The rationale and purpose of the “indivisible asset” rule is to prevent taxpayers from increasing the value of depreciable property to offset the amount paid in excess of book value of assets purchased. This doctrine makes it possible to strike down depreciation deductions for amounts which should properly be allocated to good will.

Generally, the “indivisible asset” reasoning has been used in cases where a taxpayer acquired a going concern with the primary value of the acquisition being goodwill and going-concern value. In such cases courts have generally refused to sort out some small portion of the asset acquired which might be of a wasting nature..
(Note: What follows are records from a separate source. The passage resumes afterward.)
definition is_category :: "('o,'m) category \<Rightarrow> bool" where
  "is_category C \<longleftrightarrow>
     (\<forall>f\<in>Arr C. Dom C f \<in> Obj C \<and> Cod C f \<in> Obj C) \<and>
     (\<forall>c\<in>Obj C. Idt C c \<in> Hom C c c) \<and>
     (\<forall>f\<in>Arr C. \<forall>g\<in>Arr C. Cod C f = Dom C g \<longrightarrow>
         Comp C g f \<in> Hom C (Dom C f) (Cod C g)) \<and>
     (\<forall>f\<in>Arr C. Comp C (Idt C (Cod C f)) f = f \<and> Comp C f (Idt C (Dom C f)) = f) \<and>
     (\<forall>f\<in>Arr C. \<forall>g\<in>Arr C. \<forall>h\<in>Arr C. Cod C f = Dom C g \<longrightarrow> Cod C g = Dom C h \<longrightarrow>
         Comp C h (Comp C g f) = Comp C (Comp C h g) f)"

definition isomorphic :: "('o,'m) category \<Rightarrow> 'o \<Rightarrow> 'o \<Rightarrow> bool" where
  "isomorphic C c c' \<longleftrightarrow> (\<exists>f\<in>Hom C c c'. \<exists>g\<in>Hom C c' c.
      Comp C g f = Idt C c \<and> Comp C f g = Idt C c')"

definition is_pullback :: "('o,'m) category \<Rightarrow> 'm \<Rightarrow> 'm \<Rightarrow> 'o \<Rightarrow> 'm \<Rightarrow> 'm \<Rightarrow> bool" where
  "is_pullback C f1 f2 p p1 p2 \<longleftrightarrow>
     f1 \<in> Arr C \<and> f2 \<in> Arr C \<and> Cod C f1 = Cod C f2 \<and> p \<in> Obj C \<and>
     p1 \<in> Hom C p (Dom C f1) \<and> p2 \<in> Hom C p (Dom C f2) \<and>
     Comp C f1 p1 = Comp C f2 p2 \<and>
     (\<forall>q q1 q2. q \<in> Obj C \<and> q1 \<in> Hom C q (Dom C f1) \<and> q2 \<in> Hom C q (Dom C f2) \<and>
        Comp C f1 q1 = Comp C f2 q2 \<longrightarrow>
        (\<exists>!u. u \<in> Hom C q p \<and> Comp C p1 u = q1 \<and> Comp C p2 u = q2))"

definition weak_pushout :: "('o,'m) category \<Rightarrow> 'm \<Rightarrow> 'm \<Rightarrow> 'o \<Rightarrow> 'm \<Rightarrow> 'm \<Rightarrow> bool" where
  "weak_pushout C f1 f2 d g1 g2 \<longleftrightarrow>
     f1 \<in> Arr C \<and> f2 \<in> Arr C \<and> Dom C f1 = Dom C f2 \<and> d \<in> Obj C \<and>
     g1 \<in> Hom C (Cod C f1) d \<and> g2 \<in> Hom C (Cod C f2) d \<and>
     is_pullback C g1 g2 (Dom C f1) f1 f2 \<and>
     (\<forall>z h1 h2. z \<in> Obj C \<and> h1 \<in> Hom C (Cod C f1) z \<and> h2 \<in> Hom C (Cod C f2) z \<and>
        is_pullback C h1 h2 (Dom C f1) f1 f2 \<longrightarrow>
        (\<exists>!h. h \<in> Hom C d z \<and> Comp C h g1 = h1 \<and> Comp C h g2 = h2))"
In the case of Anchor Cleaning Service, Inc., supra, the taxpayer acquired customer lists of a portion of a competitor’s business together with the name and goodwill of the business. This 'Court held that even though the purchase price of the assets acquired by the taxpayer had been determined by multiplying the monthly amount of each account’s billing by a fixed sum thus determining a value for each separate account, the taxpayer was not entitled to a business expense or loss deduction for the amount allocated to the customers of the seller whose business it did not acquire or lose. The only basis on which the taxpayer in the Anchor Gleaning Service case claimed deduction was as a business expense or loss. However, in Anchor Cleaning Service, Inc., supra at 1033, we stated:

It is quite clear that the acquisition of the accounts in question constituted a capital investment and that the principal element of the property so acquired was goodwill. The Pevely Dairy Co., 1 B.T.A. 385. Nor do we understand petitioner seriously to contend otherwise. This being true, the deductions sought cannot be justified under section 23(a). Furthermore, since the element of goodwill is involved, it is also clear that such deductions are not allowable under section 23(1). Cf. Rea Wing Malting Co. v. Willcuts, 15 F. 2d 626. See also Regs. 111, sec. 29.23(1)-3.
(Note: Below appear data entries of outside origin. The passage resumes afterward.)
(* Let $G=G_1*\cdots*G_r$ ($r\ge2$) be a free product of finite connected simple rooted graphs $G_i=(V_i,E_i,o_i)$ with $|V_i|\ge2$. Then each $\mathcal M_i$ is a polynomial with nonnegative integer coefficients of degree at most $|V_i|-1$, $1/\mu(G)$ is the smallest positive zero of the polynomial $$D(z)=\prod_{k=1}^r\bigl(1+\mathcal M_k(z)\bigr)-\sum_{i=1}^r\mathcal M_i(z)\prod_{j\ne i}\bigl(1+\mathcal M_j(z)\bigr)$$ (for $r=2$, of $1-\mathcal M_1(z)\mathcal M_2(z)$), and in particular the connective constant $\mu(G)$ is an algebraic number.
   Context: Free product of graphs: let $G_1=(V_1,E_1,o_1),\dots,G_r=(V_r,E_r,o_r)$ be rooted graphs with pairwise distinct vertex sets, $\mathcal I=\{1,\dots,r\}$, and $V_i^\times=V_i\setminus\{o_i\}$; set $\tau(x)=i$ for $x\in V_i^\times$. The vertex set $V$ consists of the empty word $o$ together with all finite words $x_1x_2\cdots x_n$ with letters $x_j\in\bigcup_i V_i^\times$ such that $\tau(x_j)\neq\tau(x_{j+1})$; set $\tau(x_1\cdots x_n)=\tau(x_n)$. Each $V_i$ is regarded as a subset of $V$ with $o_i$ identified with $o$, and concatenation $wx$ is defined when the last letter of $w$ and first letter of $x$ have different types (with $wo_i=w$ if $\tau(w)\ne i$). Edges: for $i\in\mathcal I$ and $x,y\in V_i$ with $x\sim y$ in $G_i$, put an edge $wx\sim wy$ for every $w\in V$ with $\tau(w)\neq i$. The free product is $G=(V,E,o)$. A self-avoiding walk (SAW) of length $n$ from a vertex is a path $[v_0,\dots,v_n]$ of adjacent vertices starting at that vertex with no vertex repeated. $\sigma_n$ is the number of $n$-step SAWs in $G$ starting at $o$, $\sigma_n^{(i)}$ the number of $n$-step SAWs in $G_i$ starting at $o_i$, $\mathcal M_i(z)=\sum_{n\ge1}\sigma^{(i)}_n z^n$, and $\mu(G)=\lim_{n\to\infty}\sigma_n^{1/n}$ is the connective constant. *)

theory Defs
  imports "HOL-Analysis.Analysis" "HOL-Computational_Algebra.Polynomial"
begin

definition saw_count :: "'v set \<Rightarrow> ('v \<Rightarrow> 'v \<Rightarrow> bool) \<Rightarrow> 'v \<Rightarrow> nat \<Rightarrow> nat" where
  "saw_count V adj s n = card {p. length p = Suc n \<and> hd p = s \<and> distinct p \<and> set p \<subseteq> V
                                 \<and> (\<forall>j<n. adj (p ! j) (p ! Suc j))}"

text \<open>To make vertex sets
  pairwise disjoint, a letter x \<in> V i - {rt i} is tagged as (i, x); its type is i.\<close>
definition fp_vertices :: "(nat \<Rightarrow> 'a set) \<Rightarrow> (nat \<Rightarrow> 'a) \<Rightarrow> nat \<Rightarrow> (nat \<times> 'a) list set" where
  "fp_vertices V rt r = {w. (\<forall>(i, x) \<in> set w. i < r \<and> x \<in> V i \<and> x \<noteq> rt i)
                           \<and> (\<forall>j. Suc j < length w \<longrightarrow> fst (w ! j) \<noteq> fst (w ! Suc j))}"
There is nothing in any of the cases to which our attention has been directed to require a conclusion that where a customer list is acquired as an asset separate from a going concern or tlie name or goodwill of tlie seller’s business, the asset by its very nature is not subject to depreciation. In fact, the cases involving insurance expirations and Commissioner v. Seaboard Finance Co., supra, consider the issue of whether the information contained on a customer list acquired apart from a going concern is an intangible asset with a reasonably determinable useful life so as to be subject to depreciation, to be a question of fact to be decided on a case-by-case basis. If there is some element of goodwill or other nondepreciable value acquired in connection with the acquisition of a customer list which otherwise has a limited useful life in the taxpayer’s business, there is no reason why the purchase price should not be allocated between the nondepreciable portion and depreciable portion of the asset when the record contains sufficient facts to permit such an allocation.

In many cases involving purchases of tangible assets such as land and buildings, it is necessary to allocate a composite price between the nondepreciable land and the depreciable building. Because the allocation may be a difficult one has never been considered as justification for not making the segregation. In Northern Natural Gas Co. v. O'Malley, 277 F. 2d 128, 131 (C.A. 8, 1960), it was pointed out that, “the statute itself makes no distinction between tangible and intangible property.”

Certainly the fact that the information on a customer list is considered as one asset 'and not a conglomerate of several hundred or several thousand individual assets, each with a separate useful life, does not require that there ‘be no segregation between the portion of the asset which has an ascertainable useful life and the portion with a continuing value in the nature of goodwill which does not have an ascertainable useful life.

Generally land with the building standing thereon is viewed as one asset but a composite price is uniformly allocated between the depreciable and nondepreciable parts of that asset.

The situation here might be compared to that involved in Reserve Natural Gas Co. of Louisiana, 12 B.T.A. 219, 232-233 (1928), where we stated with respect to valuation of a contract:

The purchaser of the contract acquired two elements of value — first, by the terms of the contract it had an assured return, enforceable under 'the contract, of 2y2 cents a thousand from the purchase and sale of 6,750,000,000 feet of gas a year during 20 years. Second, in addition to the assured and enforceable business, it acquired a business relationship and strategical position that would practically assure it of handling any additional business of the three gas companies. The latter was the prime factor in the organization of petitioner.
This second element would of course extend beyond the life of (the contract, but during the life of the contract it was inseparable therefrom and would have passed with the contract to a purchaser thereof. This element also was susceptible of valuation and a prospective purchaser would have been called upon to pay therefor an amount representing its fair value.
The contract had a life of 20 years and, in determining the value of the contract to a prospective purchaser, we can only consider the two elements of value for a period of 20 years. Any value beyond that period could not be a part and parcel of the contract, although growing out of it and resulting from it.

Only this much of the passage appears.